(Saved entries)
=====
(* Let $n$ be odd. Every good drawing of $K_n$ that is $(\lfloor n/2\rfloor-1)$-seq-shellable (for some face) is single-pair-seq-shellable.
   Context: A good drawing of $K_n$ is a drawing on the sphere $S^2$ in which vertices are distinct points and each edge is a simple curve joining its endpoints containing no other vertex, such that any two edges share finitely many points, no two edges meet tangentially, no three edges cross at a common point, any two edges cross at most once, and adjacent edges do not cross. $\mathcal F(D)$ is the set of faces (components of $S^2\setminus D$); $D-S$ is the subdrawing with the vertices in $S$ and incident edges deleted. For a vertex $x$ of a drawing $D'$, the superface $f(x)$ is the unique face of $D'-x$ containing all faces of $D'$ incident to $x$. Simple sequence: in a good drawing $D'$ with face $F$ and vertex $x$ incident to $F$, a sequence $(u_0,\dots,u_k)$ of distinct vertices other than $x$ is a simple sequence of $x$ (w.r.t. $F$) if $u_0$ is incident to $F$ and, for $1\le i\le k$, $u_i$ is incident to the face containing $F$ in $D'-\{u_0,\dots,u_{i-1}\}$. A good drawing $D'$ of $K_r$ is $k$-seq-shellable for a face $F$ if there are distinct vertices $a_0,\dots,a_k$ with $a_0$ incident to $F$ such that (1) for $1\le i\le k$, $a_i$ is incident to the face containing $F$ in $D'-\{a_0,\dots,a_{i-1}\}$, and (2) for $0\le i\le k$, $a_i$ has, in $D'-\{a_0,\dots,a_{i-1}\}$ and w.r.t. the face containing $F$, a simple sequence $(u_0,\dots,u_{k-i})$ with all $u_j\notin\{a_0,\dots,a_i\}$; it is seq-shellable for $F$ if it is $(\lfloor r/2\rfloor-2)$-seq-shellable for $F$. Pair-sequence of $v$ in $D$: a sequence $(u_0,\dots,u_{\lfloor n/2\rfloor-2})$ of distinct vertices of $V\setminus\{v\}$ such that (i) $u_0$ is incident to a face of $D$ also incident to $v$, and (ii) for every $j\in\{0,\dots,\lfloor n/2\rfloor-2\}$ with $n-j$ odd, $u_j$ is incident, in $D-\{u_0,\dots,u_{j-1}\}$, to a face also incident to $v$, and, if $j+1\le\lfloor n/2\rfloor-2$, $u_{j+1}$ is incident, in $D-\{u_0,\dots,u_j\}$, to the superface $f(u_j)$ (taken with respect to $D-\{u_0,\dots,u_{j-1}\}$). Single-pair-seq-shellable: a good drawing $D$ of $K_n$ with $n$ odd is single-pair-seq-shellable if some vertex $v$ has a pair-sequence and $D-v$ is seq-shellable for the face $f(v)$. *)

theory Defs
  imports "HOL-Analysis.Analysis"
begin

text \<open>Drawings of the complete graph on a finite vertex set V on the sphere S2
  (unit sphere of real^3).  p gives the position of a vertex, c u v is a
  parametrisation of the edge uv (only used for u, v in V, u different from v).\<close>

definition S2 :: "(real^3) set" where
  "S2 = sphere 0 1"

type_synonym 'v drawing_pos = "'v \<Rightarrow> real^3"
type_synonym 'v drawing_edges = "'v \<Rightarrow> 'v \<Rightarrow> real \<Rightarrow> real^3"

definition edge :: "'v drawing_edges \<Rightarrow> 'v \<Rightarrow> 'v \<Rightarrow> (real^3) set" where
  "edge c u v = path_image (c u v)"

definition crosses_at :: "(real^3) set \<Rightarrow> (real^3) set \<Rightarrow> real^3 \<Rightarrow> bool" where
  "crosses_at A B x \<longleftrightarrow>
     (\<exists>U h g. openin (top_of_set S2) U \<and> x \<in> U \<and>
        homeomorphism U (ball (0::complex) 1) h g \<and> h x = 0 \<and>
        h ` (U \<inter> A) = {z \<in> ball 0 1. Im z = 0} \<and>
        h ` (U \<inter> B) = {z \<in> ball 0 1. Re z = 0})"

definition good_drawing :: "'v set \<Rightarrow> 'v drawing_pos \<Rightarrow> 'v drawing_edges \<Rightarrow> bool" where
  "good_drawing V p c \<longleftrightarrow>
     finite V \<and> inj_on p V \<and> p ` V \<subseteq> S2 \<and>
     (\<forall>u\<in>V. \<forall>v\<in>V. u \<noteq> v \<longrightarrow>
        arc (c u v) \<and> pathstart (c u v) = p u \<and> pathfinish (c u v) = p v \<and>
        path_image (c u v) \<subseteq> S2 \<and> edge c u v = edge c v u \<and>
        (\<forall>w\<in>V. w \<noteq> u \<and> w \<noteq> v \<longrightarrow> p w \<notin> edge c u v)) \<and>
     (\<forall>u\<in>V. \<forall>v\<in>V. \<forall>w\<in>V. \<forall>z\<in>V.
        u \<noteq> v \<and> w \<noteq> z \<and> {u, v} \<noteq> {w, z} \<longrightarrow>
          finite (edge c u v \<inter> edge c w z) \<and>
          (\<forall>x \<in> edge c u v \<inter> edge c w z - p ` V. crosses_at (edge c u v) (edge c w z) x) \<and>
          card (edge c u v \<inter> edge c w z - p ` V) \<le> 1 \<and>
          ({u, v} \<inter> {w, z} \<noteq> {} \<longrightarrow> edge c u v \<inter> edge c w z - p ` V = {})) \<and>
     (\<forall>u1\<in>V. \<forall>v1\<in>V. \<forall>u2\<in>V. \<forall>v2\<in>V. \<forall>u3\<in>V. \<forall>v3\<in>V.
        u1 \<noteq> v1 \<and> u2 \<noteq> v2 \<and> u3 \<noteq> v3 \<and> {u1, v1} \<noteq> {u2, v2} \<and>
        {u1, v1} \<noteq> {u3, v3} \<and> {u2, v2} \<noteq> {u3, v3} \<longrightarrow>
          edge c u1 v1 \<inter> edge c u2 v2 \<inter> edge c u3 v3 \<subseteq> p ` V)"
=====
• _What is needed_
In the entries above, some lines may contain the string "forall"; report how many, without additional comment.

• _Answer to the problem_
5